使用Python / urllib2处理rss重定向

[英]Handling rss redirects with Python/urllib2

Calling urrlib2.urlopen on a link to an article fetched from an RSS feed leads to the following error: 在指向从RSS源提取的文章的链接上调用urrlib2.urlopen会导致以下错误:

urllib2.HTTPError: HTTP Error 301: The HTTP server returned a redirect error tha t would lead to an infinite loop. urllib2.HTTPError:HTTP错误301:HTTP服务器返回重定向错误,导致无限循环。 The last 30x error message was: Moved Permanently 最后30x错误消息是:永久移动

According to the documentation, urllib2 supports redirects. 根据文档,urllib2支持重定向。

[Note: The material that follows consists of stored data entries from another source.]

(* For every $M\in\Lambda$, the set $\mathcal A(M)$ is either empty or an ideal (i.e. non-empty, directed and downward closed) with respect to $\sqsubseteq$.
   Context: Call-by-value $\lambda$-calculus with permutations: $\lambda$-terms and values are $M,N::=V\mid MN$, $V::=x\mid\lambda x.M$, up to $\alpha$-conversion. Rules: $(\beta_v)$ $(\lambda x.M)V\to M\{x:=V\}$ if $V$ is a value; $(\sigma_1)$ $(\lambda x.M)NP\to(\lambda x.MP)N$ if $x\notin\mathrm{FV}(P)$; $(\sigma_3)$ $V((\lambda x.M)N)\to(\lambda x.VM)N$ if $V$ is a value and $x\notin\mathrm{FV}(V)$. $\to_{\mathsf v}$ is their contextual closure, $\twoheadrightarrow_{\mathsf v}$ its reflexive-transitive closure. $\Lambda_\bot$ is the set of $\lambda$-terms possibly containing a constant $\bot$; $\sqsubseteq$ is the smallest context-closed preorder on $\Lambda_\bot$ with $\bot\sqsubseteq x$ and $\bot\sqsubseteq\lambda x.M$. Approximants $\mathcal A$ ($k\ge0$): $A::=B\mid C$; $B::=x\mid\lambda x.A\mid\bot\mid xBA_1\cdots A_k$; $C::=(\lambda x.A)(yBA_1\cdots A_k)$. $\mathcal A(M)=\{A\in\mathcal A\mid\exists N\in\Lambda,\ M\twoheadrightarrow_{\mathsf v}N,\ A\sqsubseteq N\}$. Directed and downward closed are understood within $\mathcal A$. *)

theory Defs
  imports Main
begin

datatype trm = Var nat | Lam trm | App trm trm | Bot

fun no_bot :: "trm \<Rightarrow> bool" where
  "no_bot (Var n) = True"
| "no_bot (Lam M) = no_bot M"
| "no_bot (App M N) = (no_bot M \<and> no_bot N)"
| "no_bot Bot = False"

fun is_val :: "trm \<Rightarrow> bool" where
  "is_val (Var n) = True"
| "is_val (Lam M) = True"
| "is_val (App M N) = False"
| "is_val Bot = False"

fun lift :: "nat \<Rightarrow> trm \<Rightarrow> trm" where
  "lift k (Var i) = (if i < k then Var i else Var (Suc i))"
| "lift k (Lam M) = Lam (lift (Suc k) M)"
| "lift k (App M N) = App (lift k M) (lift k N)"
| "lift k Bot = Bot"

fun subst :: "trm \<Rightarrow> nat \<Rightarrow> trm \<Rightarrow> trm" where
  "subst (Var i) k s = (if i < k then Var i else if i = k then s else Var (i - 1))"
| "subst (Lam M) k s = Lam (subst M (Suc k) (lift 0 s))"
| "subst (App M N) k s = App (subst M k s) (subst N k s)"
| "subst Bot k s = Bot"

text \<open>One-step reduction: contextual closure of beta_v, sigma_1, sigma_3.
  In sigma_1 / sigma_3 the side condition "x not free in P (resp. V)" is
  realised by lifting P (resp. V) under the new binder.\<close>
inductive step_v :: "trm \<Rightarrow> trm \<Rightarrow> bool" where
  beta_v: "is_val V \<Longrightarrow> step_v (App (Lam M) V) (subst M 0 V)"
| sigma1: "step_v (App (App (Lam M) N) P) (App (Lam (App M (lift 0 P))) N)"
| sigma3: "is_val V \<Longrightarrow> step_v (App V (App (Lam M) N)) (App (Lam (App (lift 0 V) M)) N)"
| ctx_lam: "step_v M M' \<Longrightarrow> step_v (Lam M) (Lam M')"
| ctx_appl: "step_v M M' \<Longrightarrow> step_v (App M N) (App M' N)"
| ctx_appr: "step_v N N' \<Longrightarrow> step_v (App M N) (App M N')"

abbreviation steps_v :: "trm \<Rightarrow> trm \<Rightarrow> bool" where
  "steps_v \<equiv> step_v\<^sup>*\<^sup>*"

inductive approx :: "trm \<Rightarrow> trm \<Rightarrow> bool" where
  refl: "approx M M"
| trans: "approx M N \<Longrightarrow> approx N P \<Longrightarrow> approx M P"
| bot_var: "approx Bot (Var x)"
| bot_lam: "approx Bot (Lam M)"
| ctx_lam: "approx M M' \<Longrightarrow> approx (Lam M) (Lam M')"
| ctx_appl: "approx M M' \<Longrightarrow> approx (App M N) (App M' N)"
| ctx_appr: "approx N N' \<Longrightarrow> approx (App M N) (App M N')"

inductive isA :: "trm \<Rightarrow> bool" and isB :: "trm \<Rightarrow> bool" and isN :: "trm \<Rightarrow> bool" where
  A_B: "isB t \<Longrightarrow> isA t"
| A_C: "isA A \<Longrightarrow> isN N \<Longrightarrow> isA (App (Lam A) N)"
| B_var: "isB (Var x)"
| B_lam: "isA A \<Longrightarrow> isB (Lam A)"
| B_bot: "isB Bot"
| B_N: "isN N \<Longrightarrow> isB N"
| N_base: "isB B \<Longrightarrow> isN (App (Var x) B)"
| N_app: "isN N \<Longrightarrow> isA A \<Longrightarrow> isN (App N A)"

definition approximants :: "trm \<Rightarrow> trm set" where
  "approximants M = {A. isA A \<and> (\<exists>N. no_bot N \<and> steps_v M N \<and> approx A N)}"

definition directed :: "trm set \<Rightarrow> bool" where
  "directed S \<longleftrightarrow> (\<forall>a\<in>S. \<forall>b\<in>S. \<exists>c\<in>S. approx a c \<and> approx b c)"

definition downward_closed :: "trm set \<Rightarrow> bool" where
  "downward_closed S \<longleftrightarrow> (\<forall>a\<in>S. \<forall>b. isA b \<and> approx b a \<longrightarrow> b \<in> S)"

definition is_ideal :: "trm set \<Rightarrow> bool" where
  "is_ideal S \<longleftrightarrow> S \<noteq> {} \<and> directed S \<and> downward_closed S"

end

theory Submission
  imports Defs "HOL-Library.Confluence"
begin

On Java the problem was solved by just calling 在Java上,问题通过调用解决了

HttpURLConnection.setFollowRedirects(true);

How can I solve it with Python? 我怎样才能用Python解决它?

UPDATE UPDATE

The link I'm having problems with: 我遇到问题的链接:

http://feeds.nytimes.com/click.phdo?i=8cd5af579b320b0bfd695ddcc344d96c http://feeds.nytimes.com/click.phdo?i=8cd5af579b320b0bfd695ddcc344d96c

Turns out you need to enable Cookies. 原来你需要启用Cookies。 The page redirects to itself after setting a cookie first. 首先设置cookie后,页面会重定向到自身。 Because urllib2 does not handle cookies by default you have to do it yourself. 因为默认情况下urllib2不处理cookie,所以你必须自己动手。

import urllib2
import urllib
from cookielib import CookieJar

cj = CookieJar()
opener = urllib2.build_opener(urllib2.HTTPCookieProcessor(cj))
p = opener.open("http://feeds.nytimes.com/click.phdo?i=8cd5af579b320b0bfd695ddcc344d96c")

print p.read()

Nothing wrong with @sleeplessnerd's solution, but this is very, very slightly more elegant: @ sleeplessnerd的解决方案没有任何问题,但这非常非常优雅:

import urllib2
url = "http://stackoverflow.com/questions/9926023/handling-rss-redirects-with-python-urllib2"
p = urllib2.build_opener(urllib2.HTTPCookieProcessor).open(url)

print p.read()

In fact, if you look at the inline documentation for the CookieJar() function, it more-or-less tells you to do things this way: 事实上,如果你看一下CookieJar()函数的内联文档,它或多或少会告诉你这样做:

You may not need to know about this class: try urllib2.build_opener(HTTPCookieProcessor).open(url)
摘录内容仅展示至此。